ASSIGNMENT:
Please quote exactly the lines below from the line containing "R\<rbrakk> \<Longrightarrow> rsmult" to the line containing "M \<Longrightarrow> rsmult", both lines included, and nothing else.

##### RECORDS PROVIDED #####

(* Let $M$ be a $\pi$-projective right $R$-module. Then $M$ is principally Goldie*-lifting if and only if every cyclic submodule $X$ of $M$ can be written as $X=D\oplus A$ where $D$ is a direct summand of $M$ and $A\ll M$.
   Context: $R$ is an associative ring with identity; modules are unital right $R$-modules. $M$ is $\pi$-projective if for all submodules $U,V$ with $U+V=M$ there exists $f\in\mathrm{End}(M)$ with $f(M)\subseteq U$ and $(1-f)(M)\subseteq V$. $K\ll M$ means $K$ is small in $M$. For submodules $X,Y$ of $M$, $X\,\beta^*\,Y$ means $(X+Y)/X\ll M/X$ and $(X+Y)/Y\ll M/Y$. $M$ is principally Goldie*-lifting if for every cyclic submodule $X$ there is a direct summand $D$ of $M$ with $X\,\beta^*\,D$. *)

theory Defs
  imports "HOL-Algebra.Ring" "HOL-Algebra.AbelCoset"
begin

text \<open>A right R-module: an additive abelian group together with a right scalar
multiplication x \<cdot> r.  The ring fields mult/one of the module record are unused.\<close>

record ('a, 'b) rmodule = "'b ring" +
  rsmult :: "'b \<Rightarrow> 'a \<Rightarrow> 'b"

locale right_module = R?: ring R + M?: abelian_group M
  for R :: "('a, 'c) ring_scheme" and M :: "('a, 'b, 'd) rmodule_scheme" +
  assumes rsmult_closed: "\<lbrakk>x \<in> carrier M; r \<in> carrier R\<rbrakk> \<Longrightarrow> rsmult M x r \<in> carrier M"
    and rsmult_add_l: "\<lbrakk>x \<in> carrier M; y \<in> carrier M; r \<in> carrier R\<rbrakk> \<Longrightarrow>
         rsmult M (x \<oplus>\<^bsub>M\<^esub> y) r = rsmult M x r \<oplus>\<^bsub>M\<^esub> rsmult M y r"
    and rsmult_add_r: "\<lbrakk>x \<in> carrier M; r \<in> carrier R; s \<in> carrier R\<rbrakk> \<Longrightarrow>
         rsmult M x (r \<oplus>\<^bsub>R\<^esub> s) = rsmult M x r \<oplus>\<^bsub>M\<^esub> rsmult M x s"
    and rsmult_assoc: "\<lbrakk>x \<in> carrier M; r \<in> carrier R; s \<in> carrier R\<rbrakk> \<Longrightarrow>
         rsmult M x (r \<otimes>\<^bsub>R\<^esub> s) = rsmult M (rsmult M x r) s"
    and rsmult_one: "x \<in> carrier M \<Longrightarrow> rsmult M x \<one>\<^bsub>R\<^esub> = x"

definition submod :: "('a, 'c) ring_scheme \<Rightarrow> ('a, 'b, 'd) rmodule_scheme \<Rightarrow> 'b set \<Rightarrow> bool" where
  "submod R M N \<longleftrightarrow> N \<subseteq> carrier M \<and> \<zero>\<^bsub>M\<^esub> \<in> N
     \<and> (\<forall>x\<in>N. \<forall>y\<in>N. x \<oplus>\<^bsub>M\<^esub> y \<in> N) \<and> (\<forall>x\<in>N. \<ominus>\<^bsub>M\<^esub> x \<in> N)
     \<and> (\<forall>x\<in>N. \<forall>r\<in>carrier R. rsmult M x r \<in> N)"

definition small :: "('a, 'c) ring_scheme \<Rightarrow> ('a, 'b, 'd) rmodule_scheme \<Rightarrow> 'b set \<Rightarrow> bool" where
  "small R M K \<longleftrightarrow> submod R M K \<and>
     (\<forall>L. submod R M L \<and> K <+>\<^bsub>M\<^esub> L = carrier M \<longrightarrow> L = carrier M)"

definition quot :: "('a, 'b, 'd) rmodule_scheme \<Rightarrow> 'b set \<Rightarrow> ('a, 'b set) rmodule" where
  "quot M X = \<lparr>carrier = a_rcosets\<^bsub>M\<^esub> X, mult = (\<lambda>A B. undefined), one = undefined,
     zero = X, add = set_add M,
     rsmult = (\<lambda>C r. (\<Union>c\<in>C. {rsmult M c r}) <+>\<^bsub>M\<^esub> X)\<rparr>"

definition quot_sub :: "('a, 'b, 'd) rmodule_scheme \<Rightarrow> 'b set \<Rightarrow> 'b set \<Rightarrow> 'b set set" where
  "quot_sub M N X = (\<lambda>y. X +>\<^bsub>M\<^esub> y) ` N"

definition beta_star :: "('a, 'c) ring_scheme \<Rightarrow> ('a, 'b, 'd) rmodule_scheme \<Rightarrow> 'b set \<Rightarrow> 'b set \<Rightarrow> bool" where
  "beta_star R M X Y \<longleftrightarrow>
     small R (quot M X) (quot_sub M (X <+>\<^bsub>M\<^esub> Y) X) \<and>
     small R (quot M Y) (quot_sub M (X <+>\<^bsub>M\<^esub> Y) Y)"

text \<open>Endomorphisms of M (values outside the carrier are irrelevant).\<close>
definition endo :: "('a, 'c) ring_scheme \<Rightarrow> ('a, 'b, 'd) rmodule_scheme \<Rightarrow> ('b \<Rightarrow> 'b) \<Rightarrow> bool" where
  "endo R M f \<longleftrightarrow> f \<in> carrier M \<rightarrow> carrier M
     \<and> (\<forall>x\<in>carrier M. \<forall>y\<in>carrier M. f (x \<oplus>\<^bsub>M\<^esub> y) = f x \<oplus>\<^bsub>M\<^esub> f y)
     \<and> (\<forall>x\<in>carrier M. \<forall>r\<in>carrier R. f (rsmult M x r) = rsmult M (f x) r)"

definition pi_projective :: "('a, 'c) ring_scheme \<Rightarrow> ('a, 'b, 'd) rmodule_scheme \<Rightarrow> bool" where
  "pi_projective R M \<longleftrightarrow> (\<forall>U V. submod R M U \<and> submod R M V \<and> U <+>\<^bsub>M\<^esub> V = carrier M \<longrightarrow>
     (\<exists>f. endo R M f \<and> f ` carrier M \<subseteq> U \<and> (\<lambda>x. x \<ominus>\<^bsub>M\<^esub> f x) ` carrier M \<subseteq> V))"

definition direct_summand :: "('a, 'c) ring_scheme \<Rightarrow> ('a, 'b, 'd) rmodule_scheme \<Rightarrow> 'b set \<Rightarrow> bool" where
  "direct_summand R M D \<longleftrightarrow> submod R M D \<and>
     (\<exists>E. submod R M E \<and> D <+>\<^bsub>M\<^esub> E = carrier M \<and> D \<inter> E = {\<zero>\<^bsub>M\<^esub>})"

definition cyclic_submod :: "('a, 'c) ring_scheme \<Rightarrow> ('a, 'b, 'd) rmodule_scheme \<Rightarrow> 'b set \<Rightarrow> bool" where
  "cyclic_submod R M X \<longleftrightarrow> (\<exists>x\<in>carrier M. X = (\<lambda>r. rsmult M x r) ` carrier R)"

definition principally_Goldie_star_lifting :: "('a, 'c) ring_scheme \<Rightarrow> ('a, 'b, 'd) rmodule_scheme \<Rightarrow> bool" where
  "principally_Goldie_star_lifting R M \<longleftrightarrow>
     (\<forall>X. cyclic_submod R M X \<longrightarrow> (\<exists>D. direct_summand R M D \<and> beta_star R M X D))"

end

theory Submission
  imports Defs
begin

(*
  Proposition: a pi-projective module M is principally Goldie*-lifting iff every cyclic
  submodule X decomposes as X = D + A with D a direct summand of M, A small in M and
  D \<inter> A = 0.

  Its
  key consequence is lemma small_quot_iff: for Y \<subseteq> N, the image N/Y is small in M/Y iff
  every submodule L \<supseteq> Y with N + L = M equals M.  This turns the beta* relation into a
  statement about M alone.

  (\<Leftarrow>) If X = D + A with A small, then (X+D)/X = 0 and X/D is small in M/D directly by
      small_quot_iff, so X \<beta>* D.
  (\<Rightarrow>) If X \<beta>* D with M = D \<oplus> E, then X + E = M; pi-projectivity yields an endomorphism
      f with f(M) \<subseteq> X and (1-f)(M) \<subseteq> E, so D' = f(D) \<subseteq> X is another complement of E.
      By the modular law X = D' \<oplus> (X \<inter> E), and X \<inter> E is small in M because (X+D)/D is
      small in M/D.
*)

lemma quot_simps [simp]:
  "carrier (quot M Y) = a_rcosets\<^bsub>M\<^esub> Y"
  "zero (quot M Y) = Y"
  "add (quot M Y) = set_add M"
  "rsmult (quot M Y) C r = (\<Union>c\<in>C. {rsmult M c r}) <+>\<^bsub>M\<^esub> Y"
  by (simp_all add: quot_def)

#####

YOUR RESPONSE:
  assumes rsmult_closed: "\<lbrakk>x \<in> carrier M; r \<in> carrier R\<rbrakk> \<Longrightarrow> rsmult M x r \<in> carrier M"
    and rsmult_add_l: "\<lbrakk>x \<in> carrier M; y \<in> carrier M; r \<in> carrier R\<rbrakk> \<Longrightarrow>
         rsmult M (x \<oplus>\<^bsub>M\<^esub> y) r = rsmult M x r \<oplus>\<^bsub>M\<^esub> rsmult M y r"
    and rsmult_add_r: "\<lbrakk>x \<in> carrier M; r \<in> carrier R; s \<in> carrier R\<rbrakk> \<Longrightarrow>
         rsmult M x (r \<oplus>\<^bsub>R\<^esub> s) = rsmult M x r \<oplus>\<^bsub>M\<^esub> rsmult M x s"
    and rsmult_assoc: "\<lbrakk>x \<in> carrier M; r \<in> carrier R; s \<in> carrier R\<rbrakk> \<Longrightarrow>
         rsmult M x (r \<otimes>\<^bsub>R\<^esub> s) = rsmult M (rsmult M x r) s"
    and rsmult_one: "x \<in> carrier M \<Longrightarrow> rsmult M x \<one>\<^bsub>R\<^esub> = x"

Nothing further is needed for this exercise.